[INSTRUCTIONS FOR THE TASK]: Copy out the entries below exactly as they stand, but only from the line containing "note A1 = ba[THEN" through the line containing "using ba[THEN conjunct1]".

Top of LISTED RECORDS

definition RA4 :: "'a set \<Rightarrow> ('a balg \<Rightarrow> 'a balg \<Rightarrow> 'a balg) \<Rightarrow> bool" where
  "RA4 W rv \<longleftrightarrow> (\<forall>G1 G2. CBA W G1 \<longrightarrow> CBA W G2 \<longrightarrow>
      (\<forall>w\<in>W. \<forall>w'\<in>W. support W G2 {w} = support W G2 {w'} \<longrightarrow>
          (({w}, {w'}) \<in> rv G1 G2 \<longleftrightarrow> ({w}, {w'}) \<in> G1)))"

definition revision_operator :: "'a set \<Rightarrow> ('a balg \<Rightarrow> 'a balg \<Rightarrow> 'a balg) \<Rightarrow> bool" where
  "revision_operator W rv \<longleftrightarrow>
     (\<forall>G1 G2. belief_algebra W G1 \<longrightarrow> belief_algebra W G2 \<longrightarrow> belief_algebra W (rv G1 G2)) \<and>
     RA1 W rv \<and> RA2 W rv \<and> RA3 W rv \<and> RA4 W rv"

definition Lambda :: "'a set \<Rightarrow> 'a balg \<Rightarrow> 'a balg \<Rightarrow> 'a balg" where
  "Lambda W G1 G2 = {({w}, {w'}) | w w'. w \<in> W \<and> w' \<in> W \<and> ({w}, {w'}) \<in> G1 \<and>
      support W G2 {w} = support W G2 {w'}}"

end

theory Submission
  imports Defs
begin

text \<open>Over a finite set of worlds a complete belief algebra is the algebra of a rank function
  f :: 'a \<Rightarrow> nat (U \<gg> V iff some world of U has smaller rank than every world of V), and the
  backbone of such an algebra is the list of its rank levels; so I2({w}) = I2({w'}) just says
  that w and w' have the same G2-rank. The result \<rho> of revising G1 by G2 is again
  a CBA containing G2, hence each U \<gg> V in \<rho> is generated by pairs {a} \<gg> {b} of \<rho>.
  Such a pair lies in G2 if a and b have different G2-ranks (otherwise {b} \<gg> {a} would
  be in G2 \<subseteq> \<rho>), and in \<Lambda>(G1, G2) by (RA4) if they have the same one. Conversely
  \<Lambda>(G1, G2) and G2 lie in \<rho> by (RA4) and (RA1), and Gen never leaves a belief algebra.
  So \<rho> depends on G1 and G2 only.\<close>

lemma
  assumes "belief_algebra W G"
  shows belief_algebra_R_W: "(U, V) \<in> G \<Longrightarrow> U \<subseteq> W \<and> V \<subseteq> W \<and> U \<inter> V = {}"
    and belief_algebra_empty: "U \<subseteq> W \<Longrightarrow> U \<noteq> {} \<Longrightarrow> (U, {}) \<in> G"
    and belief_algebra_asym: "(U, V) \<in> G \<Longrightarrow> (V, U) \<notin> G"
    and belief_algebra_mono:
      "\<lbrakk>(U, V) \<in> G; U \<subseteq> U1; U1 \<subseteq> W; V1 \<subseteq> V; U1 \<inter> V1 = {}\<rbrakk> \<Longrightarrow> (U1, V1) \<in> G"
    and belief_algebra_meet:
      "\<lbrakk>(U1, V1) \<in> G; (U2, V2) \<in> G; U1 \<union> V1 = U2 \<union> V2\<rbrakk> \<Longrightarrow> (U1 \<inter> U2, V1 \<union> V2) \<in> G"
proof -
  note ba = assms[unfolded belief_algebra_def]
  note A1 = ba[THEN conjunct2, THEN conjunct1, rule_format]
    and A2 = ba[THEN conjunct2, THEN conjunct2, THEN conjunct1, rule_format]
    and A3 = ba[THEN conjunct2, THEN conjunct2, THEN conjunct2, THEN conjunct1, rule_format]
    and A4 = ba[THEN conjunct2, THEN conjunct2, THEN conjunct2, THEN conjunct2, rule_format]
  show R_W: "U \<subseteq> W \<and> V \<subseteq> W \<and> U \<inter> V = {}" if "(U, V) \<in> G" for U V
    using ba[THEN conjunct1] that unfolding R_W_def by blast
  show "U \<subseteq> W \<Longrightarrow> U \<noteq> {} \<Longrightarrow> (U, {}) \<in> G"
    using A1 by simp
  show "(V, U) \<notin> G" if "(U, V) \<in> G"
    using A2 R_W[OF that] that by simp
  show "(U1, V1) \<in> G" if "(U, V) \<in> G" "U \<subseteq> U1" "U1 \<subseteq> W" "V1 \<subseteq> V" "U1 \<inter> V1 = {}"
    by (rule A3[of U V U1 V1]) (use R_W[OF that(1)] that in auto)
  show "(U1 \<inter> U2, V1 \<union> V2) \<in> G" if "(U1, V1) \<in> G" "(U2, V2) \<in> G" "U1 \<union> V1 = U2 \<union> V2"
    by (rule A4[of "U1 \<union> V1" U1 V1 U2 V2]) (use R_W[OF that(1)] R_W[OF that(2)] that in auto)
qed

lemma
  assumes "is_backbone W G Us"
  shows is_backbone_nonempty: "i < length Us \<Longrightarrow> Us ! i \<noteq> {}"
    and is_backbone_subset: "i < length Us \<Longrightarrow> Us ! i \<subseteq> W"
    and is_backbone_cover: "w \<in> W \<Longrightarrow> \<exists>i < length Us. w \<in> Us ! i"
    and is_backbone_chain: "Suc i < length Us \<Longrightarrow> (Us ! i, Us ! Suc i) \<in> G"
    and is_backbone_incomparable: "\<lbrakk>i < length Us; X \<subseteq> Us ! i; Y \<subseteq> Us ! i; X \<noteq> {}; Y \<noteq> {};
      X \<inter> Y = {}\<rbrakk> \<Longrightarrow> (X, Y) \<notin> G"
proof -
  note bb = assms[unfolded is_backbone_def]
  show "i < length Us \<Longrightarrow> Us ! i \<noteq> {}"
    using bb by simp
  show "i < length Us \<Longrightarrow> Us ! i \<subseteq> W"
    using bb by (metis Union_upper nth_mem)
  show "w \<in> W \<Longrightarrow> \<exists>i < length Us. w \<in> Us ! i"
    using bb by (metis Union_iff in_set_conv_nth)
  show "Suc i < length Us \<Longrightarrow> (Us ! i, Us ! Suc i) \<in> G"
    using bb by simp
  show "\<lbrakk>i < length Us; X \<subseteq> Us ! i; Y \<subseteq> Us ! i; X \<noteq> {}; Y \<noteq> {}; X \<inter> Y = {}\<rbrakk>
      \<Longrightarrow> (X, Y) \<notin> G"
    using bb by simp
qed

Bottom of LISTED RECORDS

[YOUR SOLUTION]:
  note A1 = ba[THEN conjunct2, THEN conjunct1, rule_format]
    and A2 = ba[THEN conjunct2, THEN conjunct2, THEN conjunct1, rule_format]
    and A3 = ba[THEN conjunct2, THEN conjunct2, THEN conjunct2, THEN conjunct1, rule_format]
    and A4 = ba[THEN conjunct2, THEN conjunct2, THEN conjunct2, THEN conjunct2, rule_format]
  show R_W: "U \<subseteq> W \<and> V \<subseteq> W \<and> U \<inter> V = {}" if "(U, V) \<in> G" for U V
    using ba[THEN conjunct1] that unfolding R_W_def by blast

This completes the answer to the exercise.